- Task instructions
Give back exactly the lines of the data below, starting with the line that has "(norm (g x +" and going on through the line that has "using assms(1) unfolding L_smooth_def".

+ + + +

lemma strongly_convex_PL_inequality:
  fixes f :: "'a::real_inner \<Rightarrow> real"
  assumes "strongly_convex \<mu> f g" and "\<mu> > 0"
  shows "f x - (norm (g x))\<^sup>2 / (2 * \<mu>) \<le> (INF y. f y)"
proof (rule cINF_greatest)
  fix y
  have "0 \<le> (norm (g x + \<mu> *\<^sub>R (y - x)))\<^sup>2"
    by simp
  also have "\<dots> = (norm (g x))\<^sup>2 + 2 * \<mu> * (g x \<bullet> (y - x)) + \<mu>\<^sup>2 * (norm (y - x))\<^sup>2"
    by (simp only: power2_norm_eq_inner)
      (simp add: inner_add_left inner_add_right power2_eq_square inner_commute algebra_simps)
  finally have "- (norm (g x))\<^sup>2 / (2 * \<mu>) \<le> g x \<bullet> (y - x) + \<mu> / 2 * (norm (y - x))\<^sup>2"
    using assms(2) by (simp add: field_simps power2_eq_square)
  moreover have "f y \<ge> f x + g x \<bullet> (y - x) + \<mu> / 2 * (norm (y - x))\<^sup>2"
    using assms(1) unfolding strongly_convex_def by blast
  ultimately show "f x - (norm (g x))\<^sup>2 / (2 * \<mu>) \<le> f y"
    by linarith
qed simp

lemma strong_convexity_le_smoothness:
  fixes f :: "'a::euclidean_space \<Rightarrow> real"
  assumes "L_smooth L f g" and "strongly_convex \<mu> f g"
  shows "\<mu> \<le> L"
proof -
  have lip: "norm (g x - g y) \<le> L * norm (x - y)" for x y
    using assms(1) unfolding L_smooth_def by blast
  have convex: "f x \<ge> f y + g y \<bullet> (x - y) + \<mu> / 2 * (norm (x - y))\<^sup>2" for x y
    using assms(2) unfolding strongly_convex_def by blast
  obtain b :: 'a where "b \<in> Basis"
    using nonempty_Basis by blast
  then have b: "norm b = 1"
    by simp
  have "\<mu> \<le> (g b - g 0) \<bullet> b"
    using convex[of b 0] convex[of 0 b] b by (simp add: inner_diff_left)
  also have "\<dots> \<le> norm (g b - g 0) * norm b"
    by (rule norm_cauchy_schwarz)
  also have "\<dots> \<le> L"
    using lip[of b 0] b by simp
  finally show ?thesis .
qed

lemma gradient_step_gap_contraction:
  fixes f :: "'a::real_inner \<Rightarrow> real"
  assumes "L_smooth L f g" and "strongly_convex \<mu> f g" and "\<mu> > 0" and "L > 0"
  shows "f (x - (1 / L) *\<^sub>R g x) - (INF y. f y) \<le> (1 - \<mu> / L) * (f x - (INF y. f y))"
proof -
  have "(\<mu> / L) * (f x - (INF y. f y)) \<le> (\<mu> / L) * ((norm (g x))\<^sup>2 / (2 * \<mu>))"
    using strongly_convex_PL_inequality[OF assms(2,3), of x] assms(3,4)
    by (intro mult_left_mono) auto
  also have "\<dots> = (norm (g x))\<^sup>2 / (2 * L)"
    using assms(3,4) by (simp add: field_simps)
  finally show ?thesis
    using L_smooth_gradient_step_decrease[OF assms(1,4), of x] by (simp add: algebra_simps)
qed

lemma gradient_descent_linear_convergence:
  fixes f :: "'a::euclidean_space \<Rightarrow> real"
  assumes smooth: "L_smooth L f g" and convex: "strongly_convex \<mu> f g" and "\<mu> > 0"
    and iter: "\<And>k. x (Suc k) = x k - (1 / L) *\<^sub>R g (x k)"
  shows "f (x k) - (INF y. f y) \<le> (1 - \<mu> / L) ^ k * (f (x 0) - (INF y. f y))"
proof (induction k)
  case (Suc k)
  have "\<mu> \<le> L"
    using smooth convex by (rule strong_convexity_le_smoothness)
  then have rate: "0 \<le> 1 - \<mu> / L" "L > 0"
    using \<open>\<mu> > 0\<close> by auto
  have "f (x (Suc k)) - (INF y. f y) \<le> (1 - \<mu> / L) * (f (x k) - (INF y. f y))"
    unfolding iter using smooth convex \<open>\<mu> > 0\<close> rate(2) by (rule gradient_step_gap_contraction)
  also have "\<dots> \<le> (1 - \<mu> / L) * ((1 - \<mu> / L) ^ k * (f (x 0) - (INF y. f y)))"
    using Suc rate(1) by (rule mult_left_mono)
  finally show ?case
    by simp
qed simp

section \<open>Affine reparametrisation, sums and nonnegative multiples\<close>

lemma is_gradient_affine_comp:
  assumes "is_gradient f g"
  shows "is_gradient (\<lambda>x. f (a *\<^sub>R x + b)) (\<lambda>x. a *\<^sub>R g (a *\<^sub>R x + b))"
  unfolding is_gradient_def
proof
  fix x
  have affine: "((\<lambda>x. a *\<^sub>R x + b) has_derivative (\<lambda>h. a *\<^sub>R h)) (at x)"
    by (auto intro!: derivative_eq_intros)
  have "(f has_derivative (\<lambda>h. g (a *\<^sub>R x + b) \<bullet> h)) (at (a *\<^sub>R x + b))"
    using assms unfolding is_gradient_def by blast
  from has_derivative_compose[OF affine this]
  show "((\<lambda>x. f (a *\<^sub>R x + b)) has_derivative (\<lambda>h. a *\<^sub>R g (a *\<^sub>R x + b) \<bullet> h)) (at x)"
    by simp
qed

+ + + +

- Answer space
  have "0 \<le> (norm (g x + \<mu> *\<^sub>R (y - x)))\<^sup>2"
    by simp
  also have "\<dots> = (norm (g x))\<^sup>2 + 2 * \<mu> * (g x \<bullet> (y - x)) + \<mu>\<^sup>2 * (norm (y - x))\<^sup>2"
    by (simp only: power2_norm_eq_inner)
      (simp add: inner_add_left inner_add_right power2_eq_square inner_commute algebra_simps)
  finally have "- (norm (g x))\<^sup>2 / (2 * \<mu>) \<le> g x \<bullet> (y - x) + \<mu> / 2 * (norm (y - x))\<^sup>2"
    using assms(2) by (simp add: field_simps power2_eq_square)
  moreover have "f y \<ge> f x + g x \<bullet> (y - x) + \<mu> / 2 * (norm (y - x))\<^sup>2"
    using assms(1) unfolding strongly_convex_def by blast
  ultimately show "f x - (norm (g x))\<^sup>2 / (2 * \<mu>) \<le> f y"
    by linarith
qed simp

lemma strong_convexity_le_smoothness:
  fixes f :: "'a::euclidean_space \<Rightarrow> real"
  assumes "L_smooth L f g" and "strongly_convex \<mu> f g"
  shows "\<mu> \<le> L"
proof -
  have lip: "norm (g x - g y) \<le> L * norm (x - y)" for x y
    using assms(1) unfolding L_smooth_def by blast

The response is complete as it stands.